I thought that I remembered reading that Optiphen Plus shouldn't be used with polysorbates, so I looked in Susan's blog.  Susan states that Optiphen Plus can be deactivated by polysorbates .  
You should be able to use Liquid Germall Plus with no problem along with polysorbate 20.

http://swiftcraftymonkey.blogspot.com/search?q=optiphen+plus


----------



## DeeAnna (Feb 24, 2016)

Your formulation is 96% water-phase, so you have a water-based product. Your preservative needs to be water soluble.

"...Optiphen is suitable for anhydrous formulations and emulsions... Optiphen is not very water soluble and is therefore NOT recommended for all-water products.... For all-water products ... we recommend Optiphen ND." http://www.theherbarie.com/Optiphen.html

The Gent is right -- you are going to need a solubilizer/emulsifier such as polysorbate 80 to get the essential oil and vitamin E to mix with the water phase. 

Properly made hydrosols may contain trace amounts of essential oil, but a true hydrosol should be 99.99% water phase if the distiller has done her job well. Any trace amount of EO in the rose water should not be a great concern. A lot of people think a hydrosol is a mixture of water + essential oil and that's how some makers fake a real hydrosol ... but this is NOT a hydrosol.

ETA -- is the witch hazel the drug store stuff that contains alcohol -- or is it a true hydrosol? If it contains alcohol, that could alter how your ingredients work together. Not saying the alcohol will cause trouble -- just saying it's something to keep in mind.


----------



## Jarrah (Feb 24, 2016)

thanks for all the input 
I wasn't going to use an emulsifier. I was happy to shake before using. or is this a no no?
optiphen *plus* is a water soluble preservative 
http://swiftcraftymonkey.blogspot.com.au/2010/10/preservatives-optiphen-plus.html
I didn't want to use germal plus because it produces formaldehyde unlike the optiphen plus
I have just read that it may solidify at temperatures below 77F  if this occurs gently heat at 104 to 122F and stir to ensure homogeneity
https://www.ingredientstodiefor.com/item/Optiphen_PLUS/87/
I'm going to heat the roswater and then add the optiphen plus and add the oils after the preservative

doesn't wich hazel naturally contain 14% alcohol?
http://www.whazel.com/content/witch_hazel_usp_specification


----------



## DeeAnna (Feb 24, 2016)

I missed the plus on the optiphen. My apologies.

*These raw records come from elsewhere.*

(* Let $\mathfrak g=\mathfrak{sl}_2$ with simple root $\alpha_1$ normalized by $(\alpha_1,\alpha_1)=2$, let $k\ge0$ be an integer and $V=V_\Lambda$ the irreducible $(2k+1)$-dimensional module of highest weight $\Lambda=k\alpha_1$ with highest weight vector $v_\Lambda$ ($n=1$, $z_1=0$, so $Z_1=1$). Let $\xi\in\mathfrak h^*$ with $\xi_1:=(\xi,\alpha_1)\notin\{1,\dots,k\}$, and let $t_{cr}=(t_1,\dots,t_k)$ be an isolated critical point of $$\Phi_H(t)=\sum_{1\le j<j'\le k}2\log(t_j-t_{j'})-2k\sum_{j=1}^k\log(t_j-1)-(\xi_1-1)\sum_{j=1}^k\log t_j.$$ Let $u=\Big(\prod_{j=1}^k\frac{1}{t_j-1}\Big)\Big|_{t=t_{cr}}\,f^kv_\Lambda\in V[0]$ (the Bethe vector $u(t_{cr},1)$). Then $$\langle\psi^\xi_u,\psi^\xi_u\rangle=\frac{\big[(\xi_1+1)(\xi_1+2)\cdots(\xi_1+k)\big]^3\,k!}{(\xi_1-1)(\xi_1-2)\cdots(\xi_1-k)\,(k+1)(k+2)\cdots(2k)}.$$
   Context: Notation for $\mathfrak g=\mathfrak{sl}_2$: Cartan subalgebra $\mathfrak h$, simple root $\alpha_1$, $\rho=\frac12\alpha_1$, invariant form $(\cdot,\cdot)$ with $(\alpha_1,\alpha_1)=2$; Chevalley generators $e,f,h$; $\omega$ the automorphism of $U(\mathfrak g)$ with $\omega(e)=-f,\omega(f)=-e,\omega(h)=-h$; $a$ the anti-automorphism with $a(x)=-x$ for $x\in\mathfrak g$. $\gamma:U(\mathfrak g)\to\mathbb C[\mathfrak h^*]$ projection along $fU(\mathfrak g)+U(\mathfrak g)e$; $S_\mu(g_1,g_2)=\gamma(a\omega(g_1)g_2)(\mu)$. The Shapovalov form $S$ on $V$ is the symmetric bilinear form with $S(v_\Lambda,v_\Lambda)=1$ and $S(gx,y)=S(x,a\omega(g)y)$. Basis $\{F_j\}_{j\ge0}=\{f^j\}$ of $U(\mathfrak n_-)$; $(S^{-1}_\lambda)_{jk}$: entries of the inverse of $(S_\lambda(F_j,F_k))$. $X=e^{-2\pi i\alpha_1(\lambda)}$ for $\lambda\in\mathfrak h$. $A_X$ is the linear map on $U(\mathfrak n_-)$ given on $f^m$ by $A_X(f^m)=\sum_{\sigma\in S_m}\prod_{k=1}^m\frac{X^{a^\sigma_k+1}}{1-X^k}f^m$, $a_k^\sigma=\#\{j:k\le j\le m-1,\sigma(j)>\sigma(j+1)\}$, $A_X(1)=1$. For $u\in V[0]$ (under the hypothesis on $\xi_1$ the needed inverse entries are regular at $\xi-\rho$), $\psi^\xi_u(\lambda)=e^{2\pi i\xi(\lambda)}\sum_{j,k\ge0}(S^{-1}_{\xi-\rho})_{jk}A_X(F_j)\omega(F_k)u$, a $V[0]$-valued function of $\lambda\in\mathfrak h$. The pairing is $\langle\psi_1,\psi_2\rangle=\int_{-i\delta}^{1-i\delta}S(\psi_1(\lambda),\psi_2(-\lambda))\,dy$, with coordinate $y=\alpha_1(\lambda)$ on $\mathfrak h$ and any $\delta>0$. A critical point of $\Phi_H$ is a point with $t_j\ne t_{j'}$ ($j\neq j'$), $t_j\ne0,1$, where all $\partial\Phi_H/\partial t_j$ vanish; isolated means isolated in the critical set. *)

theory Defs
  imports "HOL-Analysis.Analysis" "HOL-Combinatorics.Permutations"
begin

text \<open>A vector of V is represented by its coordinates w.r.t. the basis
  f^i v_Lambda, i = 0..2k (coordinates with i > 2k are ignored).
  Since (Lambda, alpha1) = 2k, h v = 2k v, and e f^i v = i (2k - i + 1) f^(i-1) v.\<close>

type_synonym vec = "nat \<Rightarrow> complex"

definition f_act :: "nat \<Rightarrow> vec \<Rightarrow> vec" where
  "f_act k x = (\<lambda>i. if i = 0 \<or> i > 2*k then 0 else x (i - 1))"

definition e_act :: "nat \<Rightarrow> vec \<Rightarrow> vec" where
  "e_act k x = (\<lambda>i. if i < 2*k then of_nat (i+1) * (of_nat (2*k) - of_nat i) * x (i+1) else 0)"

definition h_act :: "nat \<Rightarrow> vec \<Rightarrow> vec" where
  "h_act k x = (\<lambda>i. if i \<le> 2*k then (of_nat (2*k) - 2 * of_nat i) * x i else 0)"

definition bil :: "nat \<Rightarrow> (nat \<Rightarrow> nat \<Rightarrow> complex) \<Rightarrow> vec \<Rightarrow> vec \<Rightarrow> complex" where
  "bil k G x y = (\<Sum>i\<le>2*k. \<Sum>j\<le>2*k. x i * y j * G i j)"

text \<open>Shapovalov form: symmetric bilinear, S(v,v) = 1, S(g x, y) = S(x, a omega(g) y),
  where a omega(e) = f, a omega(f) = e, a omega(h) = h.\<close>
definition is_shap_gram :: "nat \<Rightarrow> (nat \<Rightarrow> nat \<Rightarrow> complex) \<Rightarrow> bool" where
  "is_shap_gram k G \<longleftrightarrow>
     (\<forall>i j. (2*k < i \<or> 2*k < j) \<longrightarrow> G i j = 0) \<and>
     (\<forall>i j. G i j = G j i) \<and>
     G 0 0 = 1 \<and>
     (\<forall>x y. bil k G (e_act k x) y = bil k G x (f_act k y)) \<and>
     (\<forall>x y. bil k G (f_act k x) y = bil k G x (e_act k y)) \<and>
     (\<forall>x y. bil k G (h_act k x) y = bil k G x (h_act k y))"

definition shap :: "nat \<Rightarrow> vec \<Rightarrow> vec \<Rightarrow> complex" where
  "shap k x y = bil k (THE G. is_shap_gram k G) x y"

text \<open>Verma module M_mu, in coordinates w.r.t. the basis f^i v_mu, with muh = (mu, alpha1):
  e f^(i+1) v_mu = (i+1)(muh - i) f^i v_mu.  For g in U(g), gamma(g)(mu) is the coefficient of
  v_mu in g v_mu whenever g has weight 0; S_mu(f^j, f^m) = gamma(e^j f^m)(mu)
  (which is 0 for j \<noteq> m, by weight).\<close>

definition verma_e :: "complex \<Rightarrow> vec \<Rightarrow> vec" where
  "verma_e muh x = (\<lambda>i. of_nat (i+1) * (muh - of_nat i) * x (i+1))"

definition verma_f :: "vec \<Rightarrow> vec" where
  "verma_f x = (\<lambda>i. if i = 0 then 0 else x (i - 1))"

definition shapU :: "complex \<Rightarrow> nat \<Rightarrow> nat \<Rightarrow> complex" where
  "shapU muh j m = ((verma_e muh ^^ j) ((verma_f ^^ m) (\<lambda>i. if i = 0 then 1 else 0))) 0"

text \<open>Inverse of the Shapovalov matrix (S_mu(F_j,F_m)): the matrix is block diagonal by
  weight with 1x1 blocks (F_j = f^j has weight -j alpha1), so the inverse is computed blockwise.\<close>
definition shapU_inv :: "complex \<Rightarrow> nat \<Rightarrow> nat \<Rightarrow> complex" where
  "shapU_inv muh j m = (if j = m then inverse (shapU muh j j) else 0)"

section \<open>The map A_X on U(n_-): A_X(f^m) = AX_coeff X m * f^m\<close>

definition desc_count :: "(nat \<Rightarrow> nat) \<Rightarrow> nat \<Rightarrow> nat \<Rightarrow> nat" where
  "desc_count \<sigma> m k = card {j. k \<le> j \<and> j \<le> m - 1 \<and> \<sigma> j > \<sigma> (j+1)}"

definition AX_coeff :: "complex \<Rightarrow> nat \<Rightarrow> complex" where
  "AX_coeff X m = (\<Sum>\<sigma>\<in>{\<sigma>. \<sigma> permutes {1..m}}.
      \<Prod>k=1..m. X ^ (desc_count \<sigma> m k + 1) / (1 - X ^ k))"

text \<open>lambda in h is given by the coordinate y = alpha1(lambda); since (alpha1,alpha1) = 2,
  xi(lambda) = xi1 * y / 2 where xi1 = (xi, alpha1); X = exp(-2 pi i y);
  (xi - rho, alpha1) = xi1 - 1; omega(f^m) = (-e)^m.  For m > 2k, e^m = 0 on V, hence all
  nonzero terms of the double sum have j, m \<le> 2k.\<close>

definition psi :: "nat \<Rightarrow> complex \<Rightarrow> vec \<Rightarrow> complex \<Rightarrow> vec" where
  "psi k xi1 u y =
     (let X = exp (- 2 * pi * \<i> * y) in
      (\<lambda>i. exp (2 * pi * \<i> * (xi1 * y / 2)) *
         (\<Sum>j\<le>2*k. \<Sum>m\<le>2*k. shapU_inv (xi1 - 1) j m * AX_coeff X j *
             ((f_act k ^^ j) (((\<lambda>x. - e_act k x) ^^ m) u)) i)))"

definition pairing :: "nat \<Rightarrow> (complex \<Rightarrow> vec) \<Rightarrow> (complex \<Rightarrow> vec) \<Rightarrow> real \<Rightarrow> complex" where
  "pairing k p1 p2 \<delta> =
     integral {0..1::real} (\<lambda>x. shap k (p1 (of_real x - \<i> * of_real \<delta>))
                                        (p2 (- (of_real x - \<i> * of_real \<delta>))))"

text \<open>Phi_H(t) = sum_{j<j'} 2 log(t_j - t_j') - 2k sum_j log(t_j - 1) - (xi1 - 1) sum_j log t_j
  (multivalued); its partial derivatives are single valued:\<close>
definition dPhi_H :: "nat \<Rightarrow> complex \<Rightarrow> (nat \<Rightarrow> complex) \<Rightarrow> nat \<Rightarrow> complex" where
  "dPhi_H k xi1 t j =
     (\<Sum>j'\<in>{1..k} - {j}. 2 / (t j - t j')) - 2 * of_nat k / (t j - 1) - (xi1 - 1) / t j"

definition is_crit :: "nat \<Rightarrow> complex \<Rightarrow> (nat \<Rightarrow> complex) \<Rightarrow> bool" where
  "is_crit k xi1 t \<longleftrightarrow>
     (\<forall>j\<in>{1..k}. \<forall>j'\<in>{1..k}. j \<noteq> j' \<longrightarrow> t j \<noteq> t j') \<and>
     (\<forall>j\<in>{1..k}. t j \<noteq> 0 \<and> t j \<noteq> 1) \<and>
     (\<forall>j\<in>{1..k}. dPhi_H k xi1 t j = 0)"

definition is_isolated_crit :: "nat \<Rightarrow> complex \<Rightarrow> (nat \<Rightarrow> complex) \<Rightarrow> bool" where
  "is_isolated_crit k xi1 t \<longleftrightarrow> is_crit k xi1 t \<and>
     (\<exists>\<epsilon>>0. \<forall>s. is_crit k xi1 s \<and> (\<forall>j\<in>{1..k}. cmod (s j - t j) < \<epsilon>)
                \<longrightarrow> (\<forall>j\<in>{1..k}. s j = t j))"

definition bethe_vec :: "nat \<Rightarrow> (nat \<Rightarrow> complex) \<Rightarrow> vec" where
  "bethe_vec k t = (\<lambda>i. if i = k then (\<Prod>j=1..k. 1 / (t j - 1)) else 0)"

end

theory Submission
  imports Defs "HOL-Computational_Algebra.Polynomial" "HOL-Combinatorics.Multiset_Permutations"
begin

(* The weight-zero space V[0] is the line spanned by f^k v_Lambda and the Bethe vector is
   c f^k v_Lambda with c = prod_j 1/(t_j - 1), so the theorem is a scalar identity. *)

section \<open>The Shapovalov form of V\<close>

text \<open>The squared norm of the basis vector f^i v_Lambda.\<close>
definition shap_norm :: "nat \<Rightarrow> nat \<Rightarrow> complex" where
  "shap_norm k i = (\<Prod>r<i. of_nat (r+1) * (of_nat (2*k) - of_nat r))"

definition shap_gram :: "nat \<Rightarrow> nat \<Rightarrow> nat \<Rightarrow> complex" where
  "shap_gram k i j = (if i = j \<and> i \<le> 2*k then shap_norm k i else 0)"

definition unit_vec :: "nat \<Rightarrow> complex \<Rightarrow> vec" where
  "unit_vec n a = (\<lambda>l. if l = n then a else 0)"

lemma bil_shap_gram: "bil k (shap_gram k) x y = (\<Sum>i\<le>2*k. x i * y i * shap_norm k i)"
  unfolding bil_def shap_gram_def
  by (rule sum.cong[OF refl]) (auto simp: if_distrib cong: if_cong)

lemma shap_norm_Suc:
  "shap_norm k (Suc i) = shap_norm k i * (of_nat (i+1) * (of_nat (2*k) - of_nat i))"
  by (simp add: shap_norm_def)

lemma shap_gram_e: "bil k (shap_gram k) (e_act k x) y = bil k (shap_gram k) x (f_act k y)"
proof (cases k)
  case 0 then show ?thesis by (simp add: bil_shap_gram e_act_def f_act_def)
next
  case (Suc k')
  define M where "M = 2*k - 1"
  have N: "2*k = Suc M" using Suc M_def by simp
  have "bil k (shap_gram k) (e_act k x) y = (\<Sum>i\<le>M. e_act k x i * y i * shap_norm k i)"
    by (simp add: bil_shap_gram N e_act_def)
  also have "\<dots> = (\<Sum>i\<le>M. x (Suc i) * y i * shap_norm k (Suc i))"
    by (rule sum.cong[OF refl])
       (use Suc in \<open>auto simp: e_act_def N shap_norm_Suc algebra_simps M_def\<close>)
  also have "\<dots> = (\<Sum>i\<le>Suc M. x i * f_act k y i * shap_norm k i)"
    by (subst sum.atMost_Suc_shift) (simp add: f_act_def N)
  also have "\<dots> = bil k (shap_gram k) x (f_act k y)" by (simp add: bil_shap_gram N)
  finally show ?thesis .
qed

lemma bil_shap_gram_sym: "bil k (shap_gram k) x y = bil k (shap_gram k) y x"
  unfolding bil_shap_gram by (rule sum.cong[OF refl]) simp

lemma shap_gram_f: "bil k (shap_gram k) (f_act k x) y = bil k (shap_gram k) x (e_act k y)"
  by (metis bil_shap_gram_sym shap_gram_e)

lemma shap_gram_h: "bil k (shap_gram k) (h_act k x) y = bil k (shap_gram k) x (h_act k y)"
  unfolding bil_shap_gram by (rule sum.cong[OF refl]) (simp add: h_act_def)

lemma is_shap_gram_shap_gram: "is_shap_gram k (shap_gram k)"
  unfolding is_shap_gram_def using shap_gram_e shap_gram_f shap_gram_h
  by (auto simp: shap_gram_def shap_norm_def)

lemma bil_unit_vec:
  assumes i: "i \<le> 2*k" and j: "j \<le> 2*k"
  shows "bil k G (unit_vec i a) (unit_vec j b) = a * b * G i j"
proof -
  have single: "(\<Sum>l\<le>2*k. unit_vec n c l * g l) = c * g n" if "n \<le> 2*k" for n c g
  proof -
    have "(\<Sum>l\<le>2*k. unit_vec n c l * g l) = unit_vec n c n * g n
        + (\<Sum>l\<in>{..2*k}-{n}. unit_vec n c l * g l)"
      using that by (subst sum.remove[of _ n]) auto
    also have "(\<Sum>l\<in>{..2*k}-{n}. unit_vec n c l * g l) = 0"
      by (rule sum.neutral) (auto simp: unit_vec_def)
    finally show ?thesis by (simp add: unit_vec_def)
  qed
  have "bil k G (unit_vec i a) (unit_vec j b) = (\<Sum>i'\<le>2*k. unit_vec i a i' * (b * G i' j))"
    unfolding bil_def using single[OF j, of b "\<lambda>j'. unit_vec i a _ * G _ j'"]
    by (simp add: mult_ac)
  also have "\<dots> = a * b * G i j"
    by (simp only: single[OF i, of a "\<lambda>i'. b * G i' j"] mult.assoc)
  finally show ?thesis .
qed

text \<open>Uniqueness: h-invariance forces weight spaces to be orthogonal, and the adjointness
  of e and f determines the diagonal inductively from G 0 0 = 1.\<close>
lemma is_shap_gram_offdiag:
  assumes G: "is_shap_gram k G" and ij: "i \<le> 2*k" "j \<le> 2*k" "i \<noteq> j"
  shows "G i j = 0"
proof -
  have h: "h_act k (unit_vec n 1) = unit_vec n (of_nat (2*k) - 2 * of_nat n)" if "n \<le> 2*k" for n
    using that by (auto simp: h_act_def unit_vec_def)
  have "bil k G (h_act k (unit_vec i 1)) (unit_vec j 1) = bil k G (unit_vec i 1) (h_act k (unit_vec j 1))"
    using G by (simp add: is_shap_gram_def)
  then have "(of_nat (2*k) - 2 * of_nat i) * G i j = (of_nat (2*k) - 2 * of_nat j) * G i j"
    using ij by (simp add: h bil_unit_vec)
  then show ?thesis using ij(3) by auto
qed

lemma is_shap_gram_diag:
  assumes G: "is_shap_gram k G" and i: "i \<le> 2*k"
  shows "G i i = shap_norm k i"
  using i
proof (induction i)
  case 0 then show ?case using G by (simp add: is_shap_gram_def shap_norm_def)
next
  case (Suc i)
  have e: "e_act k (unit_vec (Suc i) 1) = unit_vec i (of_nat (i+1) * (of_nat (2*k) - of_nat i))"
    using Suc.prems by (intro ext) (auto simp: e_act_def unit_vec_def)
  have f: "f_act k (unit_vec i 1) = unit_vec (Suc i) 1"
    using Suc.prems by (intro ext) (auto simp: f_act_def unit_vec_def)
  have "bil k G (e_act k (unit_vec (Suc i) 1)) (unit_vec i 1)
      = bil k G (unit_vec (Suc i) 1) (f_act k (unit_vec i 1))"
    using G by (simp add: is_shap_gram_def)
  then have "of_nat (i+1) * (of_nat (2*k) - of_nat i) * G i i = G (Suc i) (Suc i)"
    using Suc.prems by (simp add: e f bil_unit_vec)
  then show ?case using Suc by (simp add: shap_norm_Suc mult_ac)
qed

Witch hazel can be an extract/infusion or a hydrosol. The extract is much more common and is the usual thing you find in drug stores. But you say you're using rose water which isn't a common item, so that raised the question in my mind whether you are also using witch hazel hydrosol, which does not necessarily contain any alcohol. http://www.naturesgift.com/product/witch-hazel-hydrosol-1-oz/

If you are going to use a water based spray with EOs but no emulsifier/solubilizer, yes, you can shake the mixture and quickly spray. The EO (and vitamin E) will separate out of the mix rather quickly however, so as you use more and more of the mixture, the concentration of the rose geranium EO is likely to increase in the remaining mixture to the point where it could be unpleasant to use. If you are using it yourself, by all means do what you think is best. If you think others may use the product, however, a solubilizer will ensure the product is consistent throughout its useful life.


----------



## Nanda (Mar 10, 2016)

I would check to see if the rose water and witch hazel already are preserved, they normally are when purchased from suppliers. If that's the case then no need to add any additional Optiphen. Also, try maybe adding a polysorbate (20 should be enough) to solibilize the oils and vit E


----------